* **Given data**
(* Let $\mathbb{K}=\mathbb{R}$ or $\mathbb{C}$ and let $\phi:A_1^\ast\to A_2^\ast$ be a morphism of cohomologically connected DGAs over $\mathbb{K}$ inducing isomorphisms on $0$-th and first cohomology and an injection on second cohomology. Let $V=\bigoplus_i V_i$ be a finite-dimensional graded $\mathbb{K}$-vector space, $W_k(V)=\bigoplus_{i\le k}V_i$, and for $i\ge 0$ let $U_i\subset\mathrm{End}(V)$ be the endomorphisms mapping each $V_j$ into $V_{j-i}$ (so $U_iU_j\subset U_{i+j}$). Let $\omega=\sum_{i\ge1}\omega_i$, $\omega_i\in A_2^1\otimes U_i$, satisfy $d\omega+\omega\wedge\omega=0$, i.e. $d\omega_k=-\sum_{i+j=k,\,i,j\ge1}\omega_i\wedge\omega_j$ for all $k$. Put $a_0=\mathrm{Id}_V$. Then there exist $\Omega_i\in A_1^1\otimes U_i$ and $a_i\in A_2^0\otimes U_i$ for all $i\ge1$ such that for every $k\ge1$ \[d\Omega_k=-\sum_{i+j=k,\,i,j\ge1}\Omega_i\wedge\Omega_j,\qquad da_k=-\sum_{i+j=k,\,i\ge1,\,j\ge0}\omega_ia_j+\sum_{i+j=k,\,i\ge0,\,j\ge1}a_i\phi(\Omega_j).\]
   Context: Products $\omega_i\wedge\omega_j$, $\omega_ia_j$, etc. combine the product of the DGA with composition in $\mathrm{End}(V)$; $\phi$ is applied to the form part. A DGA is cohomologically connected if $H^0\cong\mathbb{K}$. *)

theory Defs
  imports Complex_Main "HOL-Library.Function_Algebras"
begin

text \<open>The algebra is a ring 'a with a 'k-scalar multiplication sc,
A p is the degree-p homogeneous part, and d the differential of degree +1.\<close>

definition is_dga :: "('k::field \<Rightarrow> 'a::ring_1 \<Rightarrow> 'a) \<Rightarrow> (nat \<Rightarrow> 'a set) \<Rightarrow> ('a \<Rightarrow> 'a) \<Rightarrow> bool" where
  "is_dga sc A d \<longleftrightarrow>
    \<comment> \<open>'k-algebra structure\<close>
    (\<forall>c x y. sc c (x + y) = sc c x + sc c y) \<and>
    (\<forall>c c' x. sc (c + c') x = sc c x + sc c' x) \<and>
    (\<forall>c c' x. sc (c * c') x = sc c (sc c' x)) \<and>
    (\<forall>x. sc 1 x = x) \<and>
    (\<forall>c x y. sc c (x * y) = sc c x * y \<and> sc c (x * y) = x * sc c y) \<and>
    \<comment> \<open>grading: each A p is a subspace, products respect degrees, 1 has degree 0\<close>
    (\<forall>p. 0 \<in> A p \<and> (\<forall>x\<in>A p. \<forall>y\<in>A p. x + y \<in> A p) \<and> (\<forall>x\<in>A p. - x \<in> A p)
        \<and> (\<forall>c. \<forall>x\<in>A p. sc c x \<in> A p)) \<and>
    1 \<in> A 0 \<and>
    (\<forall>p q. \<forall>x\<in>A p. \<forall>y\<in>A q. x * y \<in> A (p + q)) \<and>
    \<comment> \<open>the algebra is the direct sum of the A p\<close>
    (\<forall>x. \<exists>N c. (\<forall>p. c p \<in> A p) \<and> x = (\<Sum>p\<le>N. c p)) \<and>
    (\<forall>N c. (\<forall>p. c p \<in> A p) \<and> (\<Sum>p\<le>N. c p) = 0 \<longrightarrow> (\<forall>p\<le>N. c p = 0)) \<and>
    \<comment> \<open>differential\<close>
    (\<forall>x y. d (x + y) = d x + d y) \<and>
    (\<forall>c x. d (sc c x) = sc c (d x)) \<and>
    (\<forall>p. \<forall>x\<in>A p. d x \<in> A (Suc p)) \<and>
    (\<forall>x. d (d x) = 0) \<and>
    (\<forall>p. \<forall>x\<in>A p. \<forall>y. d (x * y) = d x * y + (-1) ^ p * x * d y)"

definition cocycles :: "(nat \<Rightarrow> 'a::ring_1 set) \<Rightarrow> ('a \<Rightarrow> 'a) \<Rightarrow> nat \<Rightarrow> 'a set" where
  "cocycles A d p = {x \<in> A p. d x = 0}"

definition coboundaries :: "(nat \<Rightarrow> 'a::ring_1 set) \<Rightarrow> ('a \<Rightarrow> 'a) \<Rightarrow> nat \<Rightarrow> 'a set" where
  "coboundaries A d p = (if p = 0 then {0} else d ` A (p - 1))"
theorem lemma2:
  fixes \<rho> U :: "'a::countable \<Rightarrow> 'a \<Rightarrow> complex" and m n :: 'a
  assumes "density_matrix \<rho>" and "unitary_matrix U"
  shows "Im (nu U \<rho> m n) = 0 \<and> Im (nu_tilde U \<rho> m n) = 0 \<and>
         Re (nu U \<rho> m n) \<le> Re (nu_tilde U \<rho> m n) \<and>
         Re (nu_tilde U \<rho> m n) \<le> mu U \<rho> m * mu U \<rho> n"
proof (intro conjI)
  show "Im (nu U \<rho> m n) = 0"
    unfolding nu_def using assms(1) by (rule Im_infsum_nu_term_eq_0) auto
  show "Im (nu_tilde U \<rho> m n) = 0"
    unfolding nu_tilde_def using assms(1) by (rule Im_infsum_nu_term_eq_0) auto
  show "Re (nu U \<rho> m n) \<le> Re (nu_tilde U \<rho> m n)"
    using assms by (rule Re_nu_le_Re_nu_tilde)
  show "Re (nu_tilde U \<rho> m n) \<le> mu U \<rho> m * mu U \<rho> n"
    using complex_Re_le_cmod norm_nu_tilde_le[OF assms] by (rule order_trans)
qed

end
lemma companion_mult_vec_index:
  assumes i: "i < m" and v: "v \<in> carrier_vec m"
  shows "(companion m c *\<^sub>v v) $ i = c $ i * v $ (m - 1) + (if 0 < i then v $ (i - 1) else 0)"
proof -
  have "(companion m c *\<^sub>v v) $ i =
      (\<Sum>j<m. (if j = m - 1 then c $ i else if i = j + 1 then 1 else 0) * v $ j)"
    using i v unfolding companion_def by (simp add: scalar_prod_def atLeast0LessThan)
  also have "\<dots> = (\<Sum>j<m. (if j = m - 1 then c $ i * v $ j else 0) +
      (if 0 < i \<and> j = i - 1 then v $ j else 0))"
    using i by (intro sum.cong refl) auto
  also have "\<dots> = c $ i * v $ (m - 1) + (if 0 < i then v $ (i - 1) else 0)"
    using i by (simp add: sum.distrib)
  finally show ?thesis .
qed

lemma powers_sprod_companion_mult_vec:
  assumes m: "m \<ge> 1" and v: "v \<in> carrier_vec m"
  shows "vec m (\<lambda>k. x ^ k) \<bullet> (companion m c *\<^sub>v v) =
    x * (vec m (\<lambda>k. x ^ k) \<bullet> v) + v $ (m - 1) * ((\<Sum>k<m. c $ k * x ^ k) - x ^ m)"
proof -
  obtain M where M: "m = Suc M" using m by (cases m) auto
  have Cv: "(companion m c *\<^sub>v v) $ k = c $ k * v $ M + (if 0 < k then v $ (k - 1) else 0)"
    if "k < m" for k
    using companion_mult_vec_index[OF that v] M by simp
  have "vec m (\<lambda>k. x ^ k) \<bullet> (companion m c *\<^sub>v v) = (\<Sum>k<m. x ^ k * (companion m c *\<^sub>v v) $ k)"
    by (simp add: scalar_prod_def atLeast0LessThan companion_def del: index_mult_mat_vec)
  also have "\<dots> = (\<Sum>k<m. x ^ k * (c $ k * v $ M + (if 0 < k then v $ (k - 1) else 0)))"
    by (simp add: Cv del: index_mult_mat_vec)
  also have "\<dots> = v $ M * (\<Sum>k<m. c $ k * x ^ k) + (\<Sum>k<M. x ^ Suc k * v $ k)"
    unfolding M sum.lessThan_Suc_shift
    by (simp add: sum.distrib sum_distrib_left algebra_simps del: sum.lessThan_Suc)
  also have "\<dots> = x * (vec m (\<lambda>k. x ^ k) \<bullet> v) + v $ M * ((\<Sum>k<m. c $ k * x ^ k) - x ^ m)"
    using v unfolding M
    by (simp add: scalar_prod_def atLeast0LessThan sum_distrib_left algebra_simps)
  finally show ?thesis using M by simp
qed

lemma companion_eigenvector_last_nonzero:
  assumes v: "v \<in> carrier_vec m" "v \<noteq> 0\<^sub>v m" and eig: "companion m c *\<^sub>v v = x \<cdot>\<^sub>v v"
  shows "v $ (m - 1) \<noteq> 0"
proof
  assume last: "v $ (m - 1) = 0"
  have shift: "v $ (i - 1) = x * v $ i" if "0 < i" "i < m" for i
  proof -
    have "x * v $ i = (companion m c *\<^sub>v v) $ i" using eig that v by simp
    then show ?thesis using companion_mult_vec_index[OF that(2) v(1)] last that by simp
  qed
  \<comment> \<open>With a vanishing last entry the eigenvector equations propagate zeros downwards.\<close>
  have zeros: "v $ (m - 1 - k) = 0" if "k < m" for k
    using that
  proof (induction k)
    case (Suc k)
    have "m - 1 - Suc k = (m - 1 - k) - 1" by simp
    then show ?case using shift[of "m - 1 - k"] Suc by simp
  qed (use last in simp)
  then have "v $ i = 0" if "i < m" for i
    using zeros[of "m - 1 - i"] that by simp
  then have "v = 0\<^sub>v m" using v(1) by (intro eq_vecI) auto
  then show False using v(2) by contradiction
qed

lemma companion_eigenvalue_root:
  assumes m: "m \<ge> 1" and eig: "eigenvalue (companion m c) x"
  shows "x ^ m = (\<Sum>k<m. c $ k * x ^ k)"
proof -
  obtain v where v: "v \<in> carrier_vec m" "v \<noteq> 0\<^sub>v m" "companion m c *\<^sub>v v = x \<cdot>\<^sub>v v"
    using eig unfolding eigenvalue_def eigenvector_def by (auto simp: companion_def)
  have "vec m (\<lambda>k. x ^ k) \<bullet> (companion m c *\<^sub>v v) = x * (vec m (\<lambda>k. x ^ k) \<bullet> v)"
    unfolding v(3) using v(1) by (simp add: scalar_prod_smult_right)
  then have "v $ (m - 1) * ((\<Sum>k<m. c $ k * x ^ k) - x ^ m) = 0"
    using powers_sprod_companion_mult_vec[OF m v(1)] by simp
  then show ?thesis using companion_eigenvector_last_nonzero[OF v] by simp
qed

lemma companion_mult_lagrange_col:
  assumes m: "m \<ge> 1" and inj: "inj_on x {..<m}" and j: "j < m"
    and roots: "\<forall>i<m. x i ^ m = (\<Sum>k<m. c $ k * x i ^ k)"
  shows "companion m c *\<^sub>v col (lagrange_mat m x) j = x j \<cdot>\<^sub>v col (lagrange_mat m x) j"
proof -
  define V where "V = vandermonde m x"
  define L where "L = lagrange_mat m x"
  define b where "b = col L j"
  have V: "V \<in> carrier_mat m m" unfolding V_def vandermonde_def by simp
  have L: "L \<in> carrier_mat m m" unfolding L_def by (rule lagrange_mat_carrier)
  have b: "b \<in> carrier_vec m" unfolding b_def using L by (metis carrier_matD(1) carrier_vecI dim_col)
  have Cb: "companion m c *\<^sub>v b \<in> carrier_vec m"
    using companion_carrier b by (rule mult_mat_vec_carrier)
  have VL: "V * L = 1\<^sub>m m" unfolding V_def L_def using vandermonde_mult_lagrange_mat[OF inj] .
  have Vb: "V *\<^sub>v b = unit_vec m j"
    using col_mult2[OF V L j] VL j unfolding b_def by simp
  have row_V: "row V i = vec m (\<lambda>k. x i ^ k)" if "i < m" for i
    using that unfolding V_def vandermonde_def by auto
  \<comment> \<open>Each row of the Vandermonde matrix is a left eigenvector of the companion matrix.\<close>
  have "V *\<^sub>v (companion m c *\<^sub>v b) = V *\<^sub>v (x j \<cdot>\<^sub>v b)"
  proof (rule eq_vecI)
    fix i assume "i < dim_vec (V *\<^sub>v (x j \<cdot>\<^sub>v b))"
    then have i: "i < m" using V by simp
    have "(V *\<^sub>v (companion m c *\<^sub>v b)) $ i = x i * (V *\<^sub>v b) $ i"
      using powers_sprod_companion_mult_vec[OF m b] roots i V Cb b by (simp add: row_V)
    also have "\<dots> = x j * (V *\<^sub>v b) $ i"
      unfolding Vb using i by (cases "i = j") (auto simp: unit_vec_def)
    also have "\<dots> = (V *\<^sub>v (x j \<cdot>\<^sub>v b)) $ i"
      using V b i by (simp add: mult_mat_vec)
    finally show "(V *\<^sub>v (companion m c *\<^sub>v b)) $ i = (V *\<^sub>v (x j \<cdot>\<^sub>v b)) $ i" .
  qed (use V in simp)
  then have "(L * V) *\<^sub>v (companion m c *\<^sub>v b) = (L * V) *\<^sub>v (x j \<cdot>\<^sub>v b)"
    using L V b Cb by (simp add: assoc_mult_mat_vec)
  then show ?thesis
    using mat_mult_left_right_inverse[OF V L VL] b Cb unfolding b_def L_def by simp
qed

lemma pow_mat_Suc_left:
  assumes A: "A \<in> carrier_mat n n"
  shows "A ^\<^sub>m Suc k = A * A ^\<^sub>m k"
proof (induction k)
  case (Suc k)
  have "A ^\<^sub>m Suc (Suc k) = (A * A ^\<^sub>m k) * A" using Suc by simp
  also have "\<dots> = A * A ^\<^sub>m Suc k" using A by (simp add: assoc_mult_mat[of _ n n _ n _ n])
  finally show ?case .
qed (use A in simp)

lemma krylov_carrier:
  "A \<in> carrier_mat n n \<Longrightarrow> f1 \<in> carrier_vec n \<Longrightarrow> krylov A f1 i \<in> carrier_vec n"
  unfolding krylov_def by (metis mult_mat_vec_carrier pow_carrier_mat)

lemma krylov_Suc:
  assumes A: "A \<in> carrier_mat n n" and f1: "f1 \<in> carrier_vec n"
  shows "krylov A f1 (Suc i) = A *\<^sub>v krylov A f1 i"
  unfolding krylov_def pow_mat_Suc_left[OF A]
  using A f1 by (simp add: assoc_mult_mat_vec[of A n n _ n])

lemma krylov_mat_carrier: "krylov_mat n A f1 m \<in> carrier_mat n m"
  unfolding krylov_mat_def using mat_of_cols_carrier[of n "map (krylov A f1) [0..<m]"] by simp

lemma krylov_mat_mult_vec_index:
  assumes y: "y \<in> carrier_vec m" and a: "a < n"
  shows "(krylov_mat n A f1 m *\<^sub>v y) $ a = (\<Sum>i<m. krylov A f1 i $ a * y $ i)"
  using assms krylov_mat_carrier[of n A f1 m]
  by (simp add: krylov_mat_def scalar_prod_def atLeast0LessThan mat_of_cols_index)

lemma mult_krylov_mat:
  assumes A: "A \<in> carrier_mat n n" and f1: "f1 \<in> carrier_vec n"
  shows "A * krylov_mat n A f1 m = mat_of_cols n (map (\<lambda>i. krylov A f1 (Suc i)) [0..<m])"
proof (rule eq_matI)
  fix a i assume "a < dim_row (mat_of_cols n (map (\<lambda>i. krylov A f1 (Suc i)) [0..<m]))"
    "i < dim_col (mat_of_cols n (map (\<lambda>i. krylov A f1 (Suc i)) [0..<m]))"
  then have a: "a < n" and i: "i < m" by auto
  have "col (krylov_mat n A f1 m) i = krylov A f1 i"
    unfolding krylov_mat_def using i krylov_carrier[OF A f1] by simp
  then show "(A * krylov_mat n A f1 m) $$ (a, i) =
      mat_of_cols n (map (\<lambda>i. krylov A f1 (Suc i)) [0..<m]) $$ (a, i)"
    using A a i krylov_mat_carrier[of n A f1 m]
    by (simp add: mat_of_cols_index krylov_Suc[OF A f1])
qed (use A krylov_mat_carrier[of n A f1 m] in auto)

(* The relation A X_m = X_m C_m + r_(m+1) e_m^T of the paper, applied to a vector b. *)
lemma krylov_decomposition:
  assumes A: "A \<in> carrier_mat n n" and f1: "f1 \<in> carrier_vec n" and m: "m \<ge> 1"
    and b: "b \<in> carrier_vec m" and c: "c \<in> carrier_vec m"
  shows "A *\<^sub>v (krylov_mat n A f1 m *\<^sub>v b) =
    krylov_mat n A f1 m *\<^sub>v (companion m c *\<^sub>v b) +
    b $ (m - 1) \<cdot>\<^sub>v (krylov A f1 m - krylov_mat n A f1 m *\<^sub>v c)"
proof (rule eq_vecI)
  obtain M where M: "m = Suc M" using m by (cases m) auto
  let ?X = "krylov_mat n A f1 m" and ?f = "krylov A f1"
  have X: "?X \<in> carrier_mat n m" by (rule krylov_mat_carrier)
  have Cb: "companion m c *\<^sub>v b \<in> carrier_vec m"
    using companion_carrier b by (rule mult_mat_vec_carrier)
  fix a assume "a < dim_vec (?X *\<^sub>v (companion m c *\<^sub>v b) + b $ (m - 1) \<cdot>\<^sub>v (?f m - ?X *\<^sub>v c))"
  then have a: "a < n" using X by simp
  have "(A *\<^sub>v (?X *\<^sub>v b)) $ a = ((A * ?X) *\<^sub>v b) $ a"
    using A X b by (simp add: assoc_mult_mat_vec)
  also have "\<dots> = (\<Sum>i<m. ?f (Suc i) $ a * b $ i)"
    using a b unfolding mult_krylov_mat[OF A f1]
    by (simp add: scalar_prod_def atLeast0LessThan mat_of_cols_index)
  also have "\<dots> = (\<Sum>i<M. ?f (Suc i) $ a * b $ i) + b $ M * ?f m $ a"
    unfolding M by simp
  also have "\<dots> = (?X *\<^sub>v (companion m c *\<^sub>v b)) $ a + b $ M * (?f m - ?X *\<^sub>v c) $ a"
  proof -
    have "(?X *\<^sub>v (companion m c *\<^sub>v b)) $ a =
        (\<Sum>i<m. ?f i $ a * (c $ i * b $ M + (if 0 < i then b $ (i - 1) else 0)))"
      using Cb a b M by (simp add: krylov_mat_mult_vec_index companion_mult_vec_index)
    also have "\<dots> = b $ M * (?X *\<^sub>v c) $ a + (\<Sum>i<M. ?f (Suc i) $ a * b $ i)"
      using a c unfolding M sum.lessThan_Suc_shift
      by (simp add: krylov_mat_mult_vec_index[OF c a, unfolded M] sum.distrib sum_distrib_left
          sum.lessThan_Suc_shift algebra_simps del: sum.lessThan_Suc)
    finally show ?thesis using a c X f1 krylov_carrier[OF A f1, of m] by (simp add: algebra_simps)
  qed
  finally show "(A *\<^sub>v (?X *\<^sub>v b)) $ a =
      (?X *\<^sub>v (companion m c *\<^sub>v b) + b $ (m - 1) \<cdot>\<^sub>v (?f m - ?X *\<^sub>v c)) $ a"
    using a c X Cb krylov_carrier[OF A f1, of m] M by simp
qed (use A krylov_mat_carrier[of n A f1 m] in simp)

* **Instructions for the task**
Give back, word for word, only the lines above from the line holding "using eig unfolding" to the line holding "using powers_sprod_companion_mult_vec[OF m v(1)]", both included.

* **Your response**
    using eig unfolding eigenvalue_def eigenvector_def by (auto simp: companion_def)
  have "vec m (\<lambda>k. x ^ k) \<bullet> (companion m c *\<^sub>v v) = x * (vec m (\<lambda>k. x ^ k) \<bullet> v)"
    unfolding v(3) using v(1) by (simp add: scalar_prod_smult_right)
  then have "v $ (m - 1) * ((\<Sum>k<m. c $ k * x ^ k) - x ^ m) = 0"
    using powers_sprod_companion_mult_vec[OF m v(1)] by simp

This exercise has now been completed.